Fǎhuá jīng yǎnyì 法華經演義

Expounded-Meaning Commentary on the Lotus Sūtra lectured by 一松 Yīsōng (dàshī, 講錄); edited by 廣和 Guǎnghé (編定)

About the work

A seven-juan late-Míng / early-Qīng Lotus Sūtra commentary based on the lecture-records (jiǎnglù 講錄) of 一松 Yīsōng dàshī 一松大師, edited and finalised (biāndìng 編定) by his disciple-editor 廣和 Guǎnghé 廣和. The work is preserved as X33n0625 in the Xùzàngjīng. Together with the parallel Yǎnyì kē (KR6d0090, X33n0624), the Yǎnyì constitutes a complete two-text apparatus on the Lotus Sūtra.

Prefaces

The text opens with the Xīnkè Fǎhuá yǎnyì xù 新刻法華演義序 by 曉柔 Xiǎoróu, the principal documentary source on Yīsōng’s biographical obscurity. Xiǎoróu writes: “The Fǎhuá yǎnyì is the lecture-record of Yīsōng dàshī. The Master is not known of what country he was, nor is his era clearly understood.” This biographical lacuna, despite the work’s substantial scholastic ambition, is one of the more striking instances of late-imperial Buddhist productive anonymity.

Abstract

Yīsōng’s Yǎnyì applies the yǎnyì 演義 (“expounded-meaning”) genre to the Lotus Sūtra: a relatively accessible interpretive exposition that draws on multiple commentarial traditions without committing strictly to any one school’s apparatus. The genre is parallel to the Yuán-Míng Sānguó yǎnyì 三國演義 (KR4k0063) and other vernacular literary genres in its accessible-narrative orientation, suggesting an intended readership broader than the specialist monastic-scholastic audience.
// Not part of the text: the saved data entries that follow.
lemma unranked_generator_exists:
  assumes "is_ranking n R" "C\<^sup>+ = R" "set h \<subseteq> C" "\<not> total_rel (alts n) (hist_rel h)"
  shows "\<exists>p\<in>C. unranked n (hist_rel h) p"
proof (rule ccontr)
  assume none: "\<not> ?thesis"
  have hist_R: "hist_rel h \<subseteq> R"
    using assms(2,3) trancl_mono unfolding hist_rel_def by blast
  have "C \<subseteq> hist_rel h"
  proof (rule subrelI)
    fix x y assume "(x, y) \<in> C"
    then have "(x, y) \<in> R"
      using assms(2) by blast
    then have "(y, x) \<notin> hist_rel h" "x \<noteq> y" "x \<in> alts n" "y \<in> alts n"
      using assms(1) hist_R unfolding is_ranking_def irrefl_def trans_def by blast+
    then show "(x, y) \<in> hist_rel h"
      using none \<open>(x, y) \<in> C\<close> unfolding unranked_def by auto
  qed
  then have "R \<subseteq> hist_rel h"
    using assms(2) trancl_mono_subset trancl_id[OF trans_trancl] unfolding hist_rel_def by metis
  then show False
    using assms(1,4) unfolding is_ranking_def total_rel_def by blast
qed

(* The fallback only serves to make this a strategy on every history. *)
definition strategy_within :: "nat \<Rightarrow> nat rel \<Rightarrow> (nat \<times> nat) list \<Rightarrow> nat \<times> nat" where
  "strategy_within n C h =
     (if \<exists>p\<in>C. unranked n (hist_rel h) p then SOME p. p \<in> C \<and> unranked n (hist_rel h) p
      else SOME p. unranked n (hist_rel h) p)"

lemma strategy_within_in:
  assumes "\<exists>p\<in>C. unranked n (hist_rel h) p"
  shows "strategy_within n C h \<in> C \<and> unranked n (hist_rel h) (strategy_within n C h)"
  using someI_ex[of "\<lambda>p. p \<in> C \<and> unranked n (hist_rel h) p"] assms
  unfolding strategy_within_def by auto

lemma is_strategy_within: "is_strategy n (strategy_within n C)"
  unfolding is_strategy_def
proof (intro allI impI)
  fix h assume "set h \<subseteq> alts n \<times> alts n \<and> \<not> total_rel (alts n) (hist_rel h)"
  then obtain x y where xy: "unranked n (hist_rel h) (x, y)"
    unfolding total_rel_def unranked_def by auto
  show "unranked n (hist_rel h) (strategy_within n C h)"
  proof (cases "\<exists>p\<in>C. unranked n (hist_rel h) p")
    case False
    then show ?thesis
      using someI[of "unranked n (hist_rel h)", OF xy] unfolding strategy_within_def by simp
  qed (use strategy_within_in in blast)
qed

lemma play_strategy_within:
  assumes "is_ranking n R" "C\<^sup>+ = R" "C \<subseteq> W"
  defines "h t \<equiv> play n (strategy_within n C) W t"
  shows "set (h t) \<subseteq> C \<and> distinct (h t) \<and> (total_rel (alts n) (hist_rel (h t)) \<or> length (h t) = t)"
proof (induction t)
  case (Suc t)
  show ?case
  proof (cases "total_rel (alts n) (hist_rel (h t))")
    case False
    then have p: "strategy_within n C (h t) \<in> C"
        "unranked n (hist_rel (h t)) (strategy_within n C (h t))"
      using strategy_within_in unranked_generator_exists[OF assms(1,2)] Suc.IH by blast+
    then have "strategy_within n C (h t) \<notin> set (h t)"
      unfolding unranked_def hist_rel_def by (auto dest: r_into_trancl')
    moreover have "winner_loser W (strategy_within n C (h t)) = strategy_within n C (h t)"
      using p(1) assms(3) unfolding winner_loser_def by auto
    ultimately show ?thesis
      using Suc.IH False p(1) unfolding h_def by simp
  qed (use Suc.IH in \<open>simp add: h_def\<close>)
qed (simp add: h_def)

lemma feasible_if_generated_by_winners:
  assumes "is_ranking n R" "C\<^sup>+ = R" "C \<subseteq> W"
  shows "feasible n W R"
proof -
  define h where "h = play n (strategy_within n C) W (Suc (card C))"
  have "C \<subseteq> alts n \<times> alts n"
    using assms(1,2) r_into_trancl' unfolding is_ranking_def by blast
  then have "finite C"
    unfolding alts_def by (rule finite_subset) simp
  have inv: "set h \<subseteq> C" "distinct h" "total_rel (alts n) (hist_rel h) \<or> length h = Suc (card C)"
    using play_strategy_within[OF assms] unfolding h_def by blast+
  have total: "total_rel (alts n) (hist_rel h)"
    using inv \<open>finite C\<close> by (metis card_mono distinct_card not_less_eq_eq order_refl)
  have "hist_rel h = R"
    using ranking_eq_if_total_subset[OF assms(1) _ total] inv(1) assms(2) trancl_mono_subset
    unfolding hist_rel_def by metis
  then show ?thesis
    using total assms(1) is_strategy_within unfolding feasible_def is_outcome_def h_def by blast
qed

lemma feasible_ranking_of_iff:
  assumes "is_tournament n W" "distinct xs" "set xs = alts n"
  shows "feasible n W (ranking_of xs) \<longleftrightarrow> successively (\<lambda>x y. (x, y) \<in> W) xs"
  using feasible_imp_consecutive_subset[OF assms(1,2)]
    feasible_if_generated_by_winners[OF is_ranking_ranking_of[OF assms(2,3)]
      ranking_of_eq_trancl_consecutive[OF assms(2), symmetric]]
  unfolding successively_iff_consecutive by blast

section \<open>Switchable blocks\<close>

lemma is_ranking_asym: "is_ranking n P \<Longrightarrow> (x, y) \<in> P \<Longrightarrow> (y, x) \<notin> P"
  unfolding is_ranking_def irrefl_def trans_def by blast

definition switchable :: "nat rel \<Rightarrow> nat rel \<Rightarrow> nat list \<Rightarrow> bool" where
  "switchable P W B \<longleftrightarrow> (\<exists>x0 x1 x2 x3 x4. B = [x0, x1, x2, x3, x4] \<and>
     (x3, x1) \<in> P \<and> (x3, x2) \<in> P \<and> (x0, x3) \<in> W \<and> (x3, x1) \<in> W \<and> (x2, x4) \<in> W)"

lemma switchable_imp_not_unimprovable:
  assumes P: "is_ranking n P" and W: "is_tournament n W"
    and xs: "distinct xs" "set xs = alts n" "successively (\<lambda>x y. (x, y) \<in> W) xs"
    and split: "xs = as @ B @ bs" and "switchable P W B"
  shows "\<not> unimprovable n P W (ranking_of xs)"
proof -
  obtain x0 x1 x2 x3 x4 where B: "B = [x0, x1, x2, x3, x4]"
    and pref: "(x3, x1) \<in> P" "(x3, x2) \<in> P" and wins: "(x0, x3) \<in> W" "(x3, x1) \<in> W" "(x2, x4) \<in> W"
    using \<open>switchable P W B\<close> unfolding switchable_def by blast
  define ys where "ys = as @ [x0, x3, x1, x2, x4] @ bs"
  have ys: "distinct ys" "set ys = alts n"
    using xs(1,2) unfolding ys_def split B by auto
  have "successively (\<lambda>x y. (x, y) \<in> W) ys"
    using xs(3) wins unfolding ys_def split B by (simp add: successively_append_iff)
  then have "feasible n W (ranking_of ys)"
    using feasible_ranking_of_iff[OF W ys] by blast
  moreover have "ranking_of ys \<noteq> ranking_of xs"
  proof -
    have "(x1, x3) \<in> ranking_of xs" "(x3, x1) \<in> ranking_of ys"
      unfolding split ys_def B by (simp_all add: ranking_of_append)
    then show ?thesis
      using ranking_of_asym[OF xs(1)] by auto
  qed
  moreover have "more_aligned P (ranking_of ys) (ranking_of xs)"
  proof -
    have "ranking_of B \<subseteq> ranking_of [x0, x3, x1, x2, x4] \<union> {(x1, x3), (x2, x3)}"
      unfolding B by auto
    moreover have "(x1, x3) \<notin> P" "(x2, x3) \<notin> P"
      using pref is_ranking_asym[OF P] by blast+
    ultimately show ?thesis
      unfolding more_aligned_def split ys_def ranking_of_append B by auto
  qed
  ultimately show ?thesis
    unfolding unimprovable_def by blast
qed

section \<open>Counting\<close>

lemma length_eq_5_conv: "length B = 5 \<longleftrightarrow> (\<exists>x0 x1 x2 x3 x4. B = [x0, x1, x2, x3, x4])"
  by (simp add: numeral_eq_Suc length_Suc_conv) blast

definition block :: "'a list \<Rightarrow> nat \<Rightarrow> 'a list" where
  "block xs k = take 5 (drop (5 * k) xs)"

definition replace_block :: "'a list \<Rightarrow> nat \<Rightarrow> 'a list \<Rightarrow> 'a list" where
  "replace_block xs k B = take (5 * k) xs @ B @ drop (5 * k + 5) xs"

lemma replace_block_block [simp]: "replace_block xs k (block xs k) = xs"
  unfolding replace_block_def block_def
  by (metis add.commute append_take_drop_id drop_drop)

lemma length_block: "5 * k + 5 \<le> length xs \<Longrightarrow> length (block xs k) = 5"
  unfolding block_def by simp

lemma length_replace_block:
  "length B = 5 \<Longrightarrow> 5 * k + 5 \<le> length xs \<Longrightarrow> length (replace_block xs k B) = length xs"
  unfolding replace_block_def by simp

lemma block_replace_block:
  assumes "length B = 5" "5 * k + 5 \<le> length xs"
  shows "block (replace_block xs k B) j = (if j = k then B else block xs j)"
proof -
  have "block (replace_block xs k B) j ! i = block xs j ! i"
    if "j \<noteq> k" "i < length (block xs j)" for i
  proof -
    have "5 * j + 5 \<le> 5 * k \<or> 5 * k + 5 \<le> 5 * j"
      using that(1) by linarith
    then show ?thesis
      using that(2) assms unfolding block_def replace_block_def by (auto simp: nth_append)
  qed
  moreover have "length (block (replace_block xs k B) j) = length (block xs j)"
    using length_replace_block[OF assms] unfolding block_def by (metis length_drop length_take)
  ultimately show ?thesis
    using assms unfolding block_def replace_block_def by (auto intro: nth_equalityI)
qed

lemma replace_block_replace_block:
  "length B = 5 \<Longrightarrow> 5 * k + 5 \<le> length xs \<Longrightarrow>
    replace_block (replace_block xs k B) k C = replace_block xs k C"
  unfolding replace_block_def by simp

lemma disjoint_blocks:
  assumes "distinct xs" "j \<noteq> k"
  shows "set (block xs j) \<inter> set (block xs k) = {}"
proof -
  have "set (block xs i) \<inter> set (block xs l) = {}" if "i < l" for i l
  proof -
    have "block xs i = drop (5 * i) (take (5 * i + 5) xs)"
      unfolding block_def by (simp add: take_drop add.commute)
    then have "set (block xs i) \<subseteq> set (take (5 * l) xs)"
      using that set_take_subset_set_take[of "5 * i + 5" "5 * l" xs] set_drop_subset by fastforce
    moreover have "set (block xs l) \<subseteq> set (drop (5 * l) xs)"
      unfolding block_def by (rule set_take_subset)
    ultimately show ?thesis
      using set_take_disj_set_drop_if_distinct[OF assms(1), of "5 * l" "5 * l"] by blast
  qed
  then show ?thesis
    using assms(2) by (metis inf_commute nat_neq_iff)
qed

fun favourite_to_slot3 :: "nat rel \<Rightarrow> nat list \<Rightarrow> nat list" where
  "favourite_to_slot3 P [x0, x1, x2, x3, x4] =
     (if (x1, x2) \<in> P \<and> (x1, x3) \<in> P then [x0, x3, x2, x1, x4]
      else if (x2, x1) \<in> P \<and> (x2, x3) \<in> P then [x0, x1, x3, x2, x4]
      else [x0, x1, x2, x3, x4])"
| "favourite_to_slot3 P B = B"

(* The path edges of a block together with the three wins required by switchable. *)
fun block_edges :: "'a list \<Rightarrow> 'a rel" where
  "block_edges [y0, y1, y2, y3, y4] =
     set [(y0, y1), (y1, y2), (y2, y3), (y3, y4), (y0, y3), (y3, y1), (y2, y4)]"
| "block_edges B = {}"

fun favourite_to_slot3_preimages :: "'a list \<Rightarrow> 'a list set" where
  "favourite_to_slot3_preimages [y0, y1, y2, y3, y4] =
     set [[y0, y1, y2, y3, y4], [y0, y3, y2, y1, y4], [y0, y1, y3, y2, y4]]"
| "favourite_to_slot3_preimages B = {}"

lemma card_block_edges: "card (block_edges B) \<le> 7"
proof (cases B rule: block_edges.cases)
  case (1 y0 y1 y2 y3 y4)
  show ?thesis
    unfolding 1 block_edges.simps(1) by (rule order_trans[OF card_length]) simp
qed simp_all

lemma card_favourite_to_slot3_preimages: "card (favourite_to_slot3_preimages B) \<le> 3"
proof (cases B rule: favourite_to_slot3_preimages.cases)
  case (1 y0 y1 y2 y3 y4)
  show ?thesis
    unfolding 1 favourite_to_slot3_preimages.simps(1) by (rule order_trans[OF card_length]) simp
qed simp_all

lemma length_favourite_to_slot3: "length (favourite_to_slot3 P B) = length B"
  by (cases "(P, B)" rule: favourite_to_slot3.cases) auto

lemma set_favourite_to_slot3: "set (favourite_to_slot3 P B) = set B"
  by (cases "(P, B)" rule: favourite_to_slot3.cases) auto

lemma distinct_favourite_to_slot3: "distinct (favourite_to_slot3 P B) \<longleftrightarrow> distinct B"
  by (cases "(P, B)" rule: favourite_to_slot3.cases) auto

lemma favourite_to_slot3_preimage:
  "length B = 5 \<Longrightarrow> B \<in> favourite_to_slot3_preimages (favourite_to_slot3 P B)"
  by (auto simp: length_eq_5_conv)

lemma block_edges_subset: "block_edges B \<subseteq> set B \<times> set B"
  by (cases B rule: block_edges.cases) auto

lemma block_edges_asym: "distinct B \<Longrightarrow> (x, y) \<in> block_edges B \<Longrightarrow> (y, x) \<notin> block_edges B"
  by (cases B rule: block_edges.cases) auto

lemma successively_block_edges:
  "length B = 5 \<Longrightarrow> successively (\<lambda>x y. (x, y) \<in> block_edges B) B"
  by (auto simp: length_eq_5_conv)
Yīsōng’s other surviving work — the Lèngyán jīng mìlù 楞嚴經秘錄 (KR6j0691, X13n0283, 10 juan) — confirms his substantial scholastic engagement with the principal Mahāyāna sūtras of late-imperial Chinese Buddhism. The biographical obscurity (his country of origin and era of activity were already unrecorded by the time of Xiǎoróu’s preface) is consistent with productive activity in the unsettled late-Míng / early-Qīng transitional period (c. 1620–1660), during which substantial monastic intellectual output was produced under conditions of political and institutional disruption that complicated subsequent biographical record-keeping.

Translations and research

No substantial secondary literature located.

Other points of interest

The yǎnyì genre is one of the more literarily accessible Lotus Sūtra commentary genres. Its adoption by Yīsōng — a figure otherwise lost to the historical record — and its preservation through the editorial work of Guǎnghé in the early-Qīng period demonstrates the late-imperial Chinese Buddhist publishing tradition’s capacity to preserve substantial commentarial productions even when their original authors had passed beyond the bounds of recoverable biography.